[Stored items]

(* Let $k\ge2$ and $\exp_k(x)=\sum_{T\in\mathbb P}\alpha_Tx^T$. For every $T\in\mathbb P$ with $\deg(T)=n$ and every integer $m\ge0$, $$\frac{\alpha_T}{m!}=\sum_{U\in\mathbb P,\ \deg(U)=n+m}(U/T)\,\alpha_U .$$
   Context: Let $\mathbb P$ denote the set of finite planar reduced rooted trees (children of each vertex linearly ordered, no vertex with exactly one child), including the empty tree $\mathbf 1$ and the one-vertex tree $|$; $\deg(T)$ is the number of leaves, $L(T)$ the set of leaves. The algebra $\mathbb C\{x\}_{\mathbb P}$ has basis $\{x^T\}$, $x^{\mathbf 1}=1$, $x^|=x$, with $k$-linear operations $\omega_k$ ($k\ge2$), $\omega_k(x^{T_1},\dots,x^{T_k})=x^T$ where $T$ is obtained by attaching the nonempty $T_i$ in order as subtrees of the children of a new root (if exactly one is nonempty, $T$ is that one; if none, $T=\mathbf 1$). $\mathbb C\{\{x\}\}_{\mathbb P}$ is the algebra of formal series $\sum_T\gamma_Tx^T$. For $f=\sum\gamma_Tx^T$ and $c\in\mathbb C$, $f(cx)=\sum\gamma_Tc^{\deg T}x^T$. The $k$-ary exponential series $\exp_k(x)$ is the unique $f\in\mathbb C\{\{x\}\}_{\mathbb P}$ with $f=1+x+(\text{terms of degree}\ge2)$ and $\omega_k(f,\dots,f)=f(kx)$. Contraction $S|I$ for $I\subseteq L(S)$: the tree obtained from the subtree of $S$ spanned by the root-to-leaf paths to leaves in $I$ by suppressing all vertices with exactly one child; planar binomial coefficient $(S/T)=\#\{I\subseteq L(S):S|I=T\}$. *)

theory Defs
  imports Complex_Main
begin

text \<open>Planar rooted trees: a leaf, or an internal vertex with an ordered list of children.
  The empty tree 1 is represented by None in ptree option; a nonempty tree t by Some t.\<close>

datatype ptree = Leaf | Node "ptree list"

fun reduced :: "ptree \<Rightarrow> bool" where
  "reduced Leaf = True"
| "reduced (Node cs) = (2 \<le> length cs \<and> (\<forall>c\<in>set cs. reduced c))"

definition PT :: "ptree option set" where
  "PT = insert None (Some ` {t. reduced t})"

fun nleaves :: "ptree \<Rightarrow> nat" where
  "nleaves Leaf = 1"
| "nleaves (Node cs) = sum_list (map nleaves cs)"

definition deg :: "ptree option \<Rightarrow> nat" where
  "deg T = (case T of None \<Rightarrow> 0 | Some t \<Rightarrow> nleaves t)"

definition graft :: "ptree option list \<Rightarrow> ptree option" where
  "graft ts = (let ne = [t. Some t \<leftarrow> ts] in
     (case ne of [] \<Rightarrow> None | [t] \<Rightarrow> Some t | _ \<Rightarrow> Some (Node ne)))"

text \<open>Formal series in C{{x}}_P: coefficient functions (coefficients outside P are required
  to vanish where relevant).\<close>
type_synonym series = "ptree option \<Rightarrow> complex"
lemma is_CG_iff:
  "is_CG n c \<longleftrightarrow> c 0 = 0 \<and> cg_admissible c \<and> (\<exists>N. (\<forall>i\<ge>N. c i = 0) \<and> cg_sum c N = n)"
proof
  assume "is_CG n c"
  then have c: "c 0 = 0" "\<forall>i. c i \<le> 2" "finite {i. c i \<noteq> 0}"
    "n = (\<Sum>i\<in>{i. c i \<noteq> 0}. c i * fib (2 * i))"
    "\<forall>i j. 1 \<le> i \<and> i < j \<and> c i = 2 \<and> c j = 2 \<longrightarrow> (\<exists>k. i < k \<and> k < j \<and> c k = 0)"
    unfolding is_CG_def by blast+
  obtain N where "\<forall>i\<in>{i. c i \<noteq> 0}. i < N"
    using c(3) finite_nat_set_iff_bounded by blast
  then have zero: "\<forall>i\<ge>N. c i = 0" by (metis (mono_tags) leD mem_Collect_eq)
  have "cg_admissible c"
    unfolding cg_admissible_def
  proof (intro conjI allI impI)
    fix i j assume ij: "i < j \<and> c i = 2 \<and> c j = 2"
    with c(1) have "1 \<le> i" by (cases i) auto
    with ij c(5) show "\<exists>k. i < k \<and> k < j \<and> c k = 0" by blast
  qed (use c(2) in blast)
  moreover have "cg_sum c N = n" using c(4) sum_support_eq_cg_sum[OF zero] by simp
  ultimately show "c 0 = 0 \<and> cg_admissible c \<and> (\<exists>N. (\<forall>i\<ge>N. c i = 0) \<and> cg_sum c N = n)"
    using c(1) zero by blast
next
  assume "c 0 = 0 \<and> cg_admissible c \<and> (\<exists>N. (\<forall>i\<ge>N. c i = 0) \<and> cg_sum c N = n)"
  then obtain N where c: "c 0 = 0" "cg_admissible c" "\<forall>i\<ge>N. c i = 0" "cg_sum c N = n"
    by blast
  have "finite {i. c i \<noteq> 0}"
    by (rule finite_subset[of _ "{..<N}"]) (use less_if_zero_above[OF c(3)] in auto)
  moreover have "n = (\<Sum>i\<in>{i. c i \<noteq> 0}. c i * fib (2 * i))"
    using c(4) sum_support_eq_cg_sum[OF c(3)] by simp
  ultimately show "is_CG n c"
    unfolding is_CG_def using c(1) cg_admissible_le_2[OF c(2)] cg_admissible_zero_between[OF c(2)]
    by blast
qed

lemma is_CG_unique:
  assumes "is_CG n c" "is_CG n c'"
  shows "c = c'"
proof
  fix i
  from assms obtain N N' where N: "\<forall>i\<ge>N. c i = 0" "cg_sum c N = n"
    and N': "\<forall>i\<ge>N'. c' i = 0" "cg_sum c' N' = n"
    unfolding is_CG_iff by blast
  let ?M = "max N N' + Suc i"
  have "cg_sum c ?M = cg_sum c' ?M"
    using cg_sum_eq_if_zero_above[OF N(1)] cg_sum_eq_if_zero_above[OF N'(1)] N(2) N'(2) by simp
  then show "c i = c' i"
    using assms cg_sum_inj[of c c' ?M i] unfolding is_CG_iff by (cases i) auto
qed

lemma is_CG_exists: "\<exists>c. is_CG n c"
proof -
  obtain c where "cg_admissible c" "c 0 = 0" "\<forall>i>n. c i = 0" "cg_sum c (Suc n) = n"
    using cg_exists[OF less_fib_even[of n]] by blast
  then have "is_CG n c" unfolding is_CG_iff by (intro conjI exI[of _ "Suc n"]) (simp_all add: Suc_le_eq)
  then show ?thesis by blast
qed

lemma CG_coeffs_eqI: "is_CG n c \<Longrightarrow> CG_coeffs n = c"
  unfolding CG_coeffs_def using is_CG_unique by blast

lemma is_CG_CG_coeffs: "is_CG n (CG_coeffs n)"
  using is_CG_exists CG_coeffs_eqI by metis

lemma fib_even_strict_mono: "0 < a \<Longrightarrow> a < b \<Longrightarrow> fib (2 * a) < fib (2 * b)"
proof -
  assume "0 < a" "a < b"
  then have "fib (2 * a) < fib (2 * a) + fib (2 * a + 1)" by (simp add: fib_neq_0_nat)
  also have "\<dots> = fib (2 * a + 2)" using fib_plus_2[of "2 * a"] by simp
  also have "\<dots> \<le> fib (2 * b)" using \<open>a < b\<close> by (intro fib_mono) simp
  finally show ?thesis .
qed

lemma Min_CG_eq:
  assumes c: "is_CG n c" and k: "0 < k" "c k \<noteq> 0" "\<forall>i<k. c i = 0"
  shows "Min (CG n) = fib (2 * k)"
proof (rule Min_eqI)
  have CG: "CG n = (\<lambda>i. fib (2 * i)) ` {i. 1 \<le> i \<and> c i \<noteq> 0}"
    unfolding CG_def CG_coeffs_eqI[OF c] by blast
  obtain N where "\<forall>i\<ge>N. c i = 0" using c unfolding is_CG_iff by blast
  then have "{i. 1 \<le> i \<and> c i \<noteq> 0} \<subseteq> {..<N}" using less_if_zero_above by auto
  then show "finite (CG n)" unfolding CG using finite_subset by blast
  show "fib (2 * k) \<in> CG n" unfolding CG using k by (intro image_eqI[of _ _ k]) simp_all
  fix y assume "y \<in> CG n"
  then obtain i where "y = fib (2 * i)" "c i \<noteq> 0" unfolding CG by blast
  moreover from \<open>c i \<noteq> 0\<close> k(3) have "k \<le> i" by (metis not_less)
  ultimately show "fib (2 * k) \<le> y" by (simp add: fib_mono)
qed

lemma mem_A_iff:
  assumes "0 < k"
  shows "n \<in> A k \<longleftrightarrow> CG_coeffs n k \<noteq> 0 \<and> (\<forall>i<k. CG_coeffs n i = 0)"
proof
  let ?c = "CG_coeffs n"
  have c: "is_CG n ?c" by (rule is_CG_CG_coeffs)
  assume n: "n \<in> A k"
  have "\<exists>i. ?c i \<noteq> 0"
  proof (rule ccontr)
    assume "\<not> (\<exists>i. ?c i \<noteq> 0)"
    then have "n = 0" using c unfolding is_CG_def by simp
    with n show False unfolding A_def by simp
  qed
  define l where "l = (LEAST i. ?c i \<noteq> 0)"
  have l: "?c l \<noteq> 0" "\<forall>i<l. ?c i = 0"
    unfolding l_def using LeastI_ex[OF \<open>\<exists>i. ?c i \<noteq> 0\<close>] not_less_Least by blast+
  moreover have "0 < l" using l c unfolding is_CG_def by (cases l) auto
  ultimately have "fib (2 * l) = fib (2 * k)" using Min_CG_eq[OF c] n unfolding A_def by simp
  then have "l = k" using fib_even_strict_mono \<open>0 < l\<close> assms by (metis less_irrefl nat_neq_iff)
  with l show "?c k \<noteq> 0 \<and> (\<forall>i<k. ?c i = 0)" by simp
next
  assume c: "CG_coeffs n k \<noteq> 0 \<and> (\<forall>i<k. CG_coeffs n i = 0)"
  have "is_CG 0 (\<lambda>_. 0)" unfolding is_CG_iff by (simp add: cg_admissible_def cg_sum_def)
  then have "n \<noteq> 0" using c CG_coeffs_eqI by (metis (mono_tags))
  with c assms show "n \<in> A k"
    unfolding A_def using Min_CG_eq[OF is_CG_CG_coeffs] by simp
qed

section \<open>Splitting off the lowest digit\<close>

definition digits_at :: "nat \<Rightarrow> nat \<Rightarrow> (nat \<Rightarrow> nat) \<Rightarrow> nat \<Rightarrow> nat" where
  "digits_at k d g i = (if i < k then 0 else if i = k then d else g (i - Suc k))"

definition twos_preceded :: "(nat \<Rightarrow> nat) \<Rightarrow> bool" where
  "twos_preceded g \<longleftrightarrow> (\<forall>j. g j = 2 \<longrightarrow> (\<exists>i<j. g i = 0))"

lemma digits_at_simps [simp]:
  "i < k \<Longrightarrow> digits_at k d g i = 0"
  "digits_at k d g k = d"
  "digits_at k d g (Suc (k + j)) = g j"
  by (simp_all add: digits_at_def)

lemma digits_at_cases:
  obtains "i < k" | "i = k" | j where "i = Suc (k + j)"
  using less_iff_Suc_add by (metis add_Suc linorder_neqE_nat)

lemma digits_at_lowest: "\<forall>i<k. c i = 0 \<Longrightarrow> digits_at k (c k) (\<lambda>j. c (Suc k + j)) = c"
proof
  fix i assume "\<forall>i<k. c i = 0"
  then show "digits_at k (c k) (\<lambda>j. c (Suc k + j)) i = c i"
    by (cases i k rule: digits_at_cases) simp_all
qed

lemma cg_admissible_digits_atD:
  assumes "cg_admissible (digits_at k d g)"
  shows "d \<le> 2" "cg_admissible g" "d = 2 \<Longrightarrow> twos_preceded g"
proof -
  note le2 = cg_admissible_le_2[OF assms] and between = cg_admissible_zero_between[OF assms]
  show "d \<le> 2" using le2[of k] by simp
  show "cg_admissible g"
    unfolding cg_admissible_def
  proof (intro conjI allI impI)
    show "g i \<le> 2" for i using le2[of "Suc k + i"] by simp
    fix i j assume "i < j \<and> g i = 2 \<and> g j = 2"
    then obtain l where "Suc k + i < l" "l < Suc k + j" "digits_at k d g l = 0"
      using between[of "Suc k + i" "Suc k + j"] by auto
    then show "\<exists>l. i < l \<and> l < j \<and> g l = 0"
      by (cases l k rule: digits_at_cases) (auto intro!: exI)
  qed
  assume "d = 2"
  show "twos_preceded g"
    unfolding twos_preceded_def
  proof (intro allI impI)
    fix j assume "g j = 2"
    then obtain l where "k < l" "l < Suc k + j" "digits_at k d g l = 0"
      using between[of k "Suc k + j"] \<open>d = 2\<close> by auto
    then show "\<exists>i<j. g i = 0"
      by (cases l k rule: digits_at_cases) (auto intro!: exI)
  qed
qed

§ **TASK DESCRIPTION**
The lines needed are those in the data above that hold the string "open"; copy each of them.

§ **RESPONSE TO THIS TASK**
text \<open>Planar rooted trees: a leaf, or an internal vertex with an ordered list of children.
text \<open>Formal series in C{{x}}_P: coefficient functions (coefficients outside P are required
  also have "\<dots> \<le> fib (2 * b)" using \<open>a < b\<close> by (intro fib_mono) simp
  moreover from \<open>c i \<noteq> 0\<close> k(3) have "k \<le> i" by (metis not_less)
    unfolding l_def using LeastI_ex[OF \<open>\<exists>i. ?c i \<noteq> 0\<close>] not_less_Least by blast+
  then have "l = k" using fib_even_strict_mono \<open>0 < l\<close> assms by (metis less_irrefl nat_neq_iff)
section \<open>Splitting off the lowest digit\<close>
      using between[of k "Suc k + j"] \<open>d = 2\<close> by auto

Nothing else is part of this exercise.